» **YOUR OBJECTIVE**: Where a line in the entries below contains the word "noteq", count it. Return the total alone.

» **GIVEN RECORDS**:

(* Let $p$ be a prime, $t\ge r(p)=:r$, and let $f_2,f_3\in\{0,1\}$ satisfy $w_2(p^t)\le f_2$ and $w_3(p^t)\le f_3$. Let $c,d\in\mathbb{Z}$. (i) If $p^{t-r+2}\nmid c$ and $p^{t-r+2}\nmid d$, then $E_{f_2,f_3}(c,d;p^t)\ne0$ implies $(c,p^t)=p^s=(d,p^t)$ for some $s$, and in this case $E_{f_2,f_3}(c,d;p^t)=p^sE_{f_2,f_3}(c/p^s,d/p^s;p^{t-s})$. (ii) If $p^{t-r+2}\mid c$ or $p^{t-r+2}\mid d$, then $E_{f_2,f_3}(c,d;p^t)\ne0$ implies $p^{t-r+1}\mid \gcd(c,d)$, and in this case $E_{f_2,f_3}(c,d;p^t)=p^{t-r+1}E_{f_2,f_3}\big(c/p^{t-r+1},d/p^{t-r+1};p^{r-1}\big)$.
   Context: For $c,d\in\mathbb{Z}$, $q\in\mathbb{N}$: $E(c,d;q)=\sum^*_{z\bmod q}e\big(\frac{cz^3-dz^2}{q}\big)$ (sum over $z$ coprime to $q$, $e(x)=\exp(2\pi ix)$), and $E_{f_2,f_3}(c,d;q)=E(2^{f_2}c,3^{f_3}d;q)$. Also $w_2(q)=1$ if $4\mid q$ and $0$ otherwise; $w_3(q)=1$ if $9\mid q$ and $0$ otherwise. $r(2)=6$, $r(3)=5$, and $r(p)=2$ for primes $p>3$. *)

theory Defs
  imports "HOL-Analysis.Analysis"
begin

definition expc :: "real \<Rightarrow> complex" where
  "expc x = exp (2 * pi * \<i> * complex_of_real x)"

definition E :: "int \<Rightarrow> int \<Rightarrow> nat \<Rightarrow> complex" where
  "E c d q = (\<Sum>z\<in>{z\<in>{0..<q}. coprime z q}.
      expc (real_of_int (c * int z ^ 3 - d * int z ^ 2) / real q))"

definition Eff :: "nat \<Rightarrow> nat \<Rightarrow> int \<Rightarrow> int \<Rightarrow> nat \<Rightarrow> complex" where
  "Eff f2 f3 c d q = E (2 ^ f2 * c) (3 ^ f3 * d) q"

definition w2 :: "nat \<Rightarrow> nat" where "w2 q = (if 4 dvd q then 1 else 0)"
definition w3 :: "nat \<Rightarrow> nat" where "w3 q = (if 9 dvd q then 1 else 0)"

---

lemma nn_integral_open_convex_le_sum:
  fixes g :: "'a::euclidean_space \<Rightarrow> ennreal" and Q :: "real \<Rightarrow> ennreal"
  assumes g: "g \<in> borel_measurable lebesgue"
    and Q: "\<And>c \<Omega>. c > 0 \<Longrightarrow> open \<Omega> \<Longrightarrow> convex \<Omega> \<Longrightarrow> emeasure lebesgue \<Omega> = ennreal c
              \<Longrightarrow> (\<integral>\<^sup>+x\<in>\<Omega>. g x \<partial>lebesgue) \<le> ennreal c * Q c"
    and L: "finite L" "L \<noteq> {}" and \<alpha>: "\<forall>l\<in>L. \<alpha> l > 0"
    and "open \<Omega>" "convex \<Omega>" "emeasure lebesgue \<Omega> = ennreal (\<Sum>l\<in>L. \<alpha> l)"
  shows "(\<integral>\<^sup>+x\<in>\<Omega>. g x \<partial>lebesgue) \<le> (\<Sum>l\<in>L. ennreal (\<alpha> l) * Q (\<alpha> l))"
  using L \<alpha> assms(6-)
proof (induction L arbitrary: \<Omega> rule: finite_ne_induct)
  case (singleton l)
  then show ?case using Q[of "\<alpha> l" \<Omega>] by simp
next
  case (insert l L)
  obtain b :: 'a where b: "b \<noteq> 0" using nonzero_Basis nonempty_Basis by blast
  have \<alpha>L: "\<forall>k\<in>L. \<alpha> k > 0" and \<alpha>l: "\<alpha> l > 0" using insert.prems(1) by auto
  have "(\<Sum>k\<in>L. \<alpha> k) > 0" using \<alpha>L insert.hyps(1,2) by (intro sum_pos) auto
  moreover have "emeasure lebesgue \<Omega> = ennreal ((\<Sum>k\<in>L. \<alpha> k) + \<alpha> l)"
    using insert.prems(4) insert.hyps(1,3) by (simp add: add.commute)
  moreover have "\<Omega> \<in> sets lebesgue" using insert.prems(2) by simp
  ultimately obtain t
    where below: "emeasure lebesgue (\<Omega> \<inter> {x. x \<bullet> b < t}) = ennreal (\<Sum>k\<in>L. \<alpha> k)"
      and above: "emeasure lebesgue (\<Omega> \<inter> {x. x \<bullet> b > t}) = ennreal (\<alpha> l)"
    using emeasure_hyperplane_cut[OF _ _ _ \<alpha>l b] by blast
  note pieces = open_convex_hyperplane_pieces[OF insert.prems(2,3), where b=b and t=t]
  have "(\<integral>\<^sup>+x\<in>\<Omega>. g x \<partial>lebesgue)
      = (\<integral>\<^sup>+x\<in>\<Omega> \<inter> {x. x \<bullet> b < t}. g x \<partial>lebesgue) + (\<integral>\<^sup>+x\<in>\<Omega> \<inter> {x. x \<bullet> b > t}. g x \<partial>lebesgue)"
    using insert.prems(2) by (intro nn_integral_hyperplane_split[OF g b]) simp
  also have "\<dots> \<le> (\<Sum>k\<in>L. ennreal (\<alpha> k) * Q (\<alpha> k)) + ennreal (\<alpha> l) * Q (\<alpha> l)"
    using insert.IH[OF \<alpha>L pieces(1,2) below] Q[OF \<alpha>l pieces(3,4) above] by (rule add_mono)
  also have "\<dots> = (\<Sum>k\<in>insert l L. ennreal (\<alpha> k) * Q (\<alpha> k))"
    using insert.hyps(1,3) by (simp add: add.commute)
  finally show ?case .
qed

--

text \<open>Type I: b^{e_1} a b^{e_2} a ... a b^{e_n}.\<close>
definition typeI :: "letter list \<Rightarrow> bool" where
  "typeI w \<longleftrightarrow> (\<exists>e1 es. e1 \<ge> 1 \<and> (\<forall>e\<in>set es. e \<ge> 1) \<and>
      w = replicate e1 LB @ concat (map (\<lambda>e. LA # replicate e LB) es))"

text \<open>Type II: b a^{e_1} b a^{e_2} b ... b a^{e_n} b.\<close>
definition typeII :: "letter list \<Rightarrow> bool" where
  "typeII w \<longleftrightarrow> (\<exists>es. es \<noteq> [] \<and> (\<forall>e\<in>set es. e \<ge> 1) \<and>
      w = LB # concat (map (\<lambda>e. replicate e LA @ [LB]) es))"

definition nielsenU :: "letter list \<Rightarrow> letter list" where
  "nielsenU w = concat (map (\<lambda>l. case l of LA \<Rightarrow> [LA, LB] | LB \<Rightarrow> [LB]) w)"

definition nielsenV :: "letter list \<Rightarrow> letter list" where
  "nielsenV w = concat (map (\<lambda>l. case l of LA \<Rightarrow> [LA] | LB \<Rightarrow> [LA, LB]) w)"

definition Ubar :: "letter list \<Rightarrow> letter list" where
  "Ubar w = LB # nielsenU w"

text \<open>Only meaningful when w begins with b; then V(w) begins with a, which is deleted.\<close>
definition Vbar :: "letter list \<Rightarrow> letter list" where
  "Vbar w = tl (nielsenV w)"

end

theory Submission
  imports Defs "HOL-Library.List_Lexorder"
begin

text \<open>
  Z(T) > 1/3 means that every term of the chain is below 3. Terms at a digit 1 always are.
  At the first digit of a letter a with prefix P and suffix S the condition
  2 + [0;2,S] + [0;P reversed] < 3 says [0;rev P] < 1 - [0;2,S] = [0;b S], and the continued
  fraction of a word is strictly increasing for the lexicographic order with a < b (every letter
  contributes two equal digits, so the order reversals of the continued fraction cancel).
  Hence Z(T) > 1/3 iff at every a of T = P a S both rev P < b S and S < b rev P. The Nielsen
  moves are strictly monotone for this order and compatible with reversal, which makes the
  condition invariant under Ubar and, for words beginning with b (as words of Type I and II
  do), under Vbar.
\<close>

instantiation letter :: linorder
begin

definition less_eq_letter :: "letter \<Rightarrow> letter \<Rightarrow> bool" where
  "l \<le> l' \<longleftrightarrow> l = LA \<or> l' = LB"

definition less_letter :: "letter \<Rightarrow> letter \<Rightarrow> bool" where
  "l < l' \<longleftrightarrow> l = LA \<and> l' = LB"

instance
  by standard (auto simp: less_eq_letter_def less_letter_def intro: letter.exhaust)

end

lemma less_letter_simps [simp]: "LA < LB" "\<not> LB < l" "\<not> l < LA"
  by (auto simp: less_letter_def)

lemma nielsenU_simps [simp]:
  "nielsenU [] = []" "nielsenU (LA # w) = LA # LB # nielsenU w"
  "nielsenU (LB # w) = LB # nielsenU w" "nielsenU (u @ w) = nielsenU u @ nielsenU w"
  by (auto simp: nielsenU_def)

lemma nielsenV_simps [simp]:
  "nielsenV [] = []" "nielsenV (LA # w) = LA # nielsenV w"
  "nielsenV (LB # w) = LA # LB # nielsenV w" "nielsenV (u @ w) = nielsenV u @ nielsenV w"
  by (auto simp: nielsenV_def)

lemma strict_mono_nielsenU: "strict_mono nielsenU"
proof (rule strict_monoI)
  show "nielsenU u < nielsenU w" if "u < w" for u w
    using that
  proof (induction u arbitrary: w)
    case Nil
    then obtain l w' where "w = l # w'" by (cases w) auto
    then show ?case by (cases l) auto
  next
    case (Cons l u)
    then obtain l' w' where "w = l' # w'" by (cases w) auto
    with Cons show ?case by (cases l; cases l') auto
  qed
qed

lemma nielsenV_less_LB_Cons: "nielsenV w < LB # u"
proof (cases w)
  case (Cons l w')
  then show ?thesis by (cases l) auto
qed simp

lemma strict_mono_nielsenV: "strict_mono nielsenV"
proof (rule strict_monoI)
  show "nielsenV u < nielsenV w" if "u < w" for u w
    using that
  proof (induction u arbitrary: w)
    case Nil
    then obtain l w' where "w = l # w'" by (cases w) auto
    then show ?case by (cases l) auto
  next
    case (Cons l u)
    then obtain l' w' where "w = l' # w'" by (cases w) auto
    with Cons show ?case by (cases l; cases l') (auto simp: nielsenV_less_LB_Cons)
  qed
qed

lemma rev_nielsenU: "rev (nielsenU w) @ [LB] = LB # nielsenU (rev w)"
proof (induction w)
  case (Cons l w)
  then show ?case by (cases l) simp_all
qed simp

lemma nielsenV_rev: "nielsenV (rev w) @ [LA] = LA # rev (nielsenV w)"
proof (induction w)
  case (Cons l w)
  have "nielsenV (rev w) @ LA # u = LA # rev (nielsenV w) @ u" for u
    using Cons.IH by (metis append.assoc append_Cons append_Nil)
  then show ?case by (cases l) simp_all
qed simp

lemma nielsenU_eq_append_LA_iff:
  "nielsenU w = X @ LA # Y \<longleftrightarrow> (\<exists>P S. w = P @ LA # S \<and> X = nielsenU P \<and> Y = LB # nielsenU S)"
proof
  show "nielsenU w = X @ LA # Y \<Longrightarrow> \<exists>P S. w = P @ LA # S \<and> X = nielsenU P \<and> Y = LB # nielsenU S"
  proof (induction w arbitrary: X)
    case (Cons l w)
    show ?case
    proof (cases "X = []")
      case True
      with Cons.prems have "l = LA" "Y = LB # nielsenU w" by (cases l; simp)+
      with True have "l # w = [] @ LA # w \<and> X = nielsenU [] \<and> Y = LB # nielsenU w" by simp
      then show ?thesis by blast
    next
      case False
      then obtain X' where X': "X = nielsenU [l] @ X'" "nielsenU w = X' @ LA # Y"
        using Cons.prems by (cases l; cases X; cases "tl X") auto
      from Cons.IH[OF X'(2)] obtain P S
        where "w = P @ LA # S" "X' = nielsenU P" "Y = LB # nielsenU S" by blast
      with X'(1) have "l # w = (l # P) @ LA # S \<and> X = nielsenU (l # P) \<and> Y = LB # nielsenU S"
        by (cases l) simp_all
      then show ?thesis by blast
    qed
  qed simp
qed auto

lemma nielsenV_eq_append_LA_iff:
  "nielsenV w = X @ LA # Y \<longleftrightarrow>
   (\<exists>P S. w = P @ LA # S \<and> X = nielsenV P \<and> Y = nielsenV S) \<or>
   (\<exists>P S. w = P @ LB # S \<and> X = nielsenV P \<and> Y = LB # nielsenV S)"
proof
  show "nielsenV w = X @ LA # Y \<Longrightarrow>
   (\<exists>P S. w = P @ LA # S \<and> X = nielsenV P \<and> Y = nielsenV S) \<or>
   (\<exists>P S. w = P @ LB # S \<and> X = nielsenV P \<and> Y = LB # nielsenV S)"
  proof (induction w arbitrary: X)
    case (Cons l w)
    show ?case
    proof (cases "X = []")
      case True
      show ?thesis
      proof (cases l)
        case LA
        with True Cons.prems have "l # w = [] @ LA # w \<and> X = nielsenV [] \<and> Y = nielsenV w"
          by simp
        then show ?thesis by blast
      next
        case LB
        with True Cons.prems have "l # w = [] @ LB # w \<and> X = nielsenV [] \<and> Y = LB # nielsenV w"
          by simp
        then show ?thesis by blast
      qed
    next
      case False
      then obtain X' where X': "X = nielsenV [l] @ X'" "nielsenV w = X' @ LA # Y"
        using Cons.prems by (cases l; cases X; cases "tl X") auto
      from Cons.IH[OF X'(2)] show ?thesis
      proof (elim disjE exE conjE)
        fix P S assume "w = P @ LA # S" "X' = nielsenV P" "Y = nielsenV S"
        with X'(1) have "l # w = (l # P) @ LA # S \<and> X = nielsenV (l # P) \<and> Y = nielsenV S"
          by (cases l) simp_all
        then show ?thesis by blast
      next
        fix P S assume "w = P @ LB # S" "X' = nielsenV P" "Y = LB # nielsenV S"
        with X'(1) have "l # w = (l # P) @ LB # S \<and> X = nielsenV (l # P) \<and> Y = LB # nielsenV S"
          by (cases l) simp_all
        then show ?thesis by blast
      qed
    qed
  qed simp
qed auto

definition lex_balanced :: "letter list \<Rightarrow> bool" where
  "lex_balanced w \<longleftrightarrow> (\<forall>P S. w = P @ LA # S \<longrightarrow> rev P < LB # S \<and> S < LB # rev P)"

» **ANSWER TO THE EXERCISE**: 3